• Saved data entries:
···

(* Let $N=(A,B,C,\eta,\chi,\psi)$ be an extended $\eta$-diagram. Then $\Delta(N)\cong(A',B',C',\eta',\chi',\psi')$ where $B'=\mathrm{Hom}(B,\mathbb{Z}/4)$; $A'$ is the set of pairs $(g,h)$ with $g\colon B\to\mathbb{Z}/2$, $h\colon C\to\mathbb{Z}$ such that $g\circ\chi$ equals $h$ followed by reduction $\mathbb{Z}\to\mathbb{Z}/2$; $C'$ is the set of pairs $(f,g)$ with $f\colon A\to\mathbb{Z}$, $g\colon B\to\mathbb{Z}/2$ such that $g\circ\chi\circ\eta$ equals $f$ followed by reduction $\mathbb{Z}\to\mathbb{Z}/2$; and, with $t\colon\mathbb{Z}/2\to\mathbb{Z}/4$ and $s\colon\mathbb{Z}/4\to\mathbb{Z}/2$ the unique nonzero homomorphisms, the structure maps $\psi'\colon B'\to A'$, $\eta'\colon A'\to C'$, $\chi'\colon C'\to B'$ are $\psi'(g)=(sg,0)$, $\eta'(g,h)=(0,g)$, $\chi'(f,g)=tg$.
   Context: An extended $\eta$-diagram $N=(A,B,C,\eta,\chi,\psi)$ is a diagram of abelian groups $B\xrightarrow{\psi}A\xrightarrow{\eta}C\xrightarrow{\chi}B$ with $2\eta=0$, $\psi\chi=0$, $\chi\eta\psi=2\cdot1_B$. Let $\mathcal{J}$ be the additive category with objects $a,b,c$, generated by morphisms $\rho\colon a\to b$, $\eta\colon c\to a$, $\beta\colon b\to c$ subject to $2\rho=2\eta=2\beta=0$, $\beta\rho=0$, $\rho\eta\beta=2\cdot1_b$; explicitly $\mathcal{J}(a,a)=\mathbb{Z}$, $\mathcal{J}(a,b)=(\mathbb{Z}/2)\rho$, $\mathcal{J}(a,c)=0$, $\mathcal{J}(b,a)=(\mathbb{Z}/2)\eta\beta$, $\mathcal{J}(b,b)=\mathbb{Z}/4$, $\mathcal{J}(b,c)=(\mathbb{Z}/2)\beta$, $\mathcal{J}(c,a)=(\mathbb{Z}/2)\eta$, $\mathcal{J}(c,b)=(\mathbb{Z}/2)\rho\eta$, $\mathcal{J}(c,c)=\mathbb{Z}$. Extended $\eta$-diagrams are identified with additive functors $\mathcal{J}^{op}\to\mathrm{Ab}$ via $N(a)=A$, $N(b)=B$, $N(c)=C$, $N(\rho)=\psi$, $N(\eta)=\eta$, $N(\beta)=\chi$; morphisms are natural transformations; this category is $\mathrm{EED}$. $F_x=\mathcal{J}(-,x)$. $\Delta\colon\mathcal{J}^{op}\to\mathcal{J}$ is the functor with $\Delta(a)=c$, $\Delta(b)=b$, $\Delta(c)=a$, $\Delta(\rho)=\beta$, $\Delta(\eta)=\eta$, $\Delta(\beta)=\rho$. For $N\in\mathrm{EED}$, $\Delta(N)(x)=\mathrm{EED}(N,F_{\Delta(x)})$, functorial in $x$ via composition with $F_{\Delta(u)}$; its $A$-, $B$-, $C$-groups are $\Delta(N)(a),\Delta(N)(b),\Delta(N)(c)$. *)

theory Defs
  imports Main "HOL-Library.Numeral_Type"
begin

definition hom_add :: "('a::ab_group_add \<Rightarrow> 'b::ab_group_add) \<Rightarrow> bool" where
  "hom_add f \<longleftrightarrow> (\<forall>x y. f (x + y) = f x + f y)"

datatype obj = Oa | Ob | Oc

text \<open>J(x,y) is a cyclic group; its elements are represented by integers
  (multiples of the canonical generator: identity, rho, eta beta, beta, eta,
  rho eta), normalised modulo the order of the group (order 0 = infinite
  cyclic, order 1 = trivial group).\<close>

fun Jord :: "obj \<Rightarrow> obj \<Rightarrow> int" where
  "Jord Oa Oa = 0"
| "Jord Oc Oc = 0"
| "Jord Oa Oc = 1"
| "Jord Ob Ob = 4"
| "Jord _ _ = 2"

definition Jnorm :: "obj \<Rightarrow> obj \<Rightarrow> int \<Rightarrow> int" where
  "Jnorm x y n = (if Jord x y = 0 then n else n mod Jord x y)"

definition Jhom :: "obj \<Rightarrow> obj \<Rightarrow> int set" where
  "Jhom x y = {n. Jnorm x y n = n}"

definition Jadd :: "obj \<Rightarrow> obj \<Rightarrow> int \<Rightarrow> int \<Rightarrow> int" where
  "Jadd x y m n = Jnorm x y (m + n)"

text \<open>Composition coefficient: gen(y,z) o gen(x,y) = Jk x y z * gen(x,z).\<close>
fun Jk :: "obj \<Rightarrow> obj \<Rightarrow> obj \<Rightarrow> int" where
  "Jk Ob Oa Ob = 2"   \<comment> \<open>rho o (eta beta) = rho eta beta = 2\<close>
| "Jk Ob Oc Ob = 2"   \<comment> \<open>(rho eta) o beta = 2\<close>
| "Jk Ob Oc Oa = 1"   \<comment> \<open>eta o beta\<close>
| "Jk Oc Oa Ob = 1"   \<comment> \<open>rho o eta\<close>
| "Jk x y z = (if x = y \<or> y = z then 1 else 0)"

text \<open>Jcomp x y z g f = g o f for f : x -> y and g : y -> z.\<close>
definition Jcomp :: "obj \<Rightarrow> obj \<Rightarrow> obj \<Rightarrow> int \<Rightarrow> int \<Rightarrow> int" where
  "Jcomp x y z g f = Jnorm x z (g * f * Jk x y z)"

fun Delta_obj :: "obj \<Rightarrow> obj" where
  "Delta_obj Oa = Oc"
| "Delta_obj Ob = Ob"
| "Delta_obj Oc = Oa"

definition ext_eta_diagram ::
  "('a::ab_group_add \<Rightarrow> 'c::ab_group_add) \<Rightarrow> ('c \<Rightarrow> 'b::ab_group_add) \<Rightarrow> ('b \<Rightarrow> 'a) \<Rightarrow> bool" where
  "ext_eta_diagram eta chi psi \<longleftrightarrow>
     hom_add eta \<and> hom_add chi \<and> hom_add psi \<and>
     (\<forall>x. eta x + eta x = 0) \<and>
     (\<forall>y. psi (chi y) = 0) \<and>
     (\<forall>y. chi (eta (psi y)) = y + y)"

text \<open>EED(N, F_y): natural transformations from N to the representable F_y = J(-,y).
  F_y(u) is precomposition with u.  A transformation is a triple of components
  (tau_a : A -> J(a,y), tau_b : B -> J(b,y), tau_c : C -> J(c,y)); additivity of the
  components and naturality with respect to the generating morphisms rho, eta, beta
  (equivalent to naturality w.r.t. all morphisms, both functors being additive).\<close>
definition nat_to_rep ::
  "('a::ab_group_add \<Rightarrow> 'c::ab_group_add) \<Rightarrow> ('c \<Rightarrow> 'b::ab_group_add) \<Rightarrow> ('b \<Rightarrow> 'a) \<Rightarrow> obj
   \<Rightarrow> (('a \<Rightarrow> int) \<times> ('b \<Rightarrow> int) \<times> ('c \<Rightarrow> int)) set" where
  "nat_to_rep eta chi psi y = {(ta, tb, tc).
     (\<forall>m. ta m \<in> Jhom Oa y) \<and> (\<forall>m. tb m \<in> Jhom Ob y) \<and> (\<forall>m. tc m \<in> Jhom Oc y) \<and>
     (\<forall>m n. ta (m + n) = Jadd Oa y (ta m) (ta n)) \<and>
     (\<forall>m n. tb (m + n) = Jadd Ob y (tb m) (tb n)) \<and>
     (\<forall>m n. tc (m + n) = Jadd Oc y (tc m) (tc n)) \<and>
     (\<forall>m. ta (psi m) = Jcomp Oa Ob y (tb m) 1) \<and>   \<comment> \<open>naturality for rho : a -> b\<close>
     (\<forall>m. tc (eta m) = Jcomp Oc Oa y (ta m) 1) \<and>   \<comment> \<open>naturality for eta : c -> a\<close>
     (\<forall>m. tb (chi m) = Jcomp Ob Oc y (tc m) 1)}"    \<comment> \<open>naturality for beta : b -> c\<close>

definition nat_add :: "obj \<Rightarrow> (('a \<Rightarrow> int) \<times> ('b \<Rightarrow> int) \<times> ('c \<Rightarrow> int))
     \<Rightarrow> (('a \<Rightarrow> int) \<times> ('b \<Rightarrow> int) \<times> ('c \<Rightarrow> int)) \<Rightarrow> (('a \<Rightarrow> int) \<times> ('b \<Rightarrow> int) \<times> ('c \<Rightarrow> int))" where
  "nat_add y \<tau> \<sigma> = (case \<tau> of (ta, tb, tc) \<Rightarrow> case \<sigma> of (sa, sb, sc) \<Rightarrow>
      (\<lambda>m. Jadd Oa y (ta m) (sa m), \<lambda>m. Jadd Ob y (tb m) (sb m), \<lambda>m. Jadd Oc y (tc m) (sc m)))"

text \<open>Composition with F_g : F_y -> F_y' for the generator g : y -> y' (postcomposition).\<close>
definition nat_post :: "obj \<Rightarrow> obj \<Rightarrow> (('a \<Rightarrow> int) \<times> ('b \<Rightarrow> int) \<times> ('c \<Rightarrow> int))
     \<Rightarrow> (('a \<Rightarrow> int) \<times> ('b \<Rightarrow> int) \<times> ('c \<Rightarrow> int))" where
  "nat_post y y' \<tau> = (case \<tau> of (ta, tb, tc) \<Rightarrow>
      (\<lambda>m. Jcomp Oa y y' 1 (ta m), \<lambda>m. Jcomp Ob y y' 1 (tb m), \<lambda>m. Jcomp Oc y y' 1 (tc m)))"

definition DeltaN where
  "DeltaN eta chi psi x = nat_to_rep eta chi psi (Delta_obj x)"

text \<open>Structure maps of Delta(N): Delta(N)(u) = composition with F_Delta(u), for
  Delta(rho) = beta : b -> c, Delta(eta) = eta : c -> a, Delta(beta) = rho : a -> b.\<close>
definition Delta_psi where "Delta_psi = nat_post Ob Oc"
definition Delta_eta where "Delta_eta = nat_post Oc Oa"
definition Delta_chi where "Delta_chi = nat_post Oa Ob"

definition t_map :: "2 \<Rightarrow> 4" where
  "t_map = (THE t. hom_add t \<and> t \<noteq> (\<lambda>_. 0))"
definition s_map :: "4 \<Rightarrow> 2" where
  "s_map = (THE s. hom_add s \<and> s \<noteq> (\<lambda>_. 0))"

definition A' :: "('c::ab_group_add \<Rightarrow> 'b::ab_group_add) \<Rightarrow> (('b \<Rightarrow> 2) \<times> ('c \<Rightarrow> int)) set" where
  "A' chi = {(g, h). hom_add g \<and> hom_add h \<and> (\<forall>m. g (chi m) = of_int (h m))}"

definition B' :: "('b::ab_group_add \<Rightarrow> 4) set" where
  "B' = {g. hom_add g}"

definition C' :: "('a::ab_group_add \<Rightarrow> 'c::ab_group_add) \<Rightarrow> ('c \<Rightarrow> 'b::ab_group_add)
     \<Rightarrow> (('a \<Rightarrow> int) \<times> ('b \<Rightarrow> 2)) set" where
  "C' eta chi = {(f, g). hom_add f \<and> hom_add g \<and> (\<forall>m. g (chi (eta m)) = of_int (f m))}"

···

• WHAT THE EXERCISE ASKS: Answer with one number only: how many lines of the entries above include the word "cyclic"?

• ANSWER SECTION: 2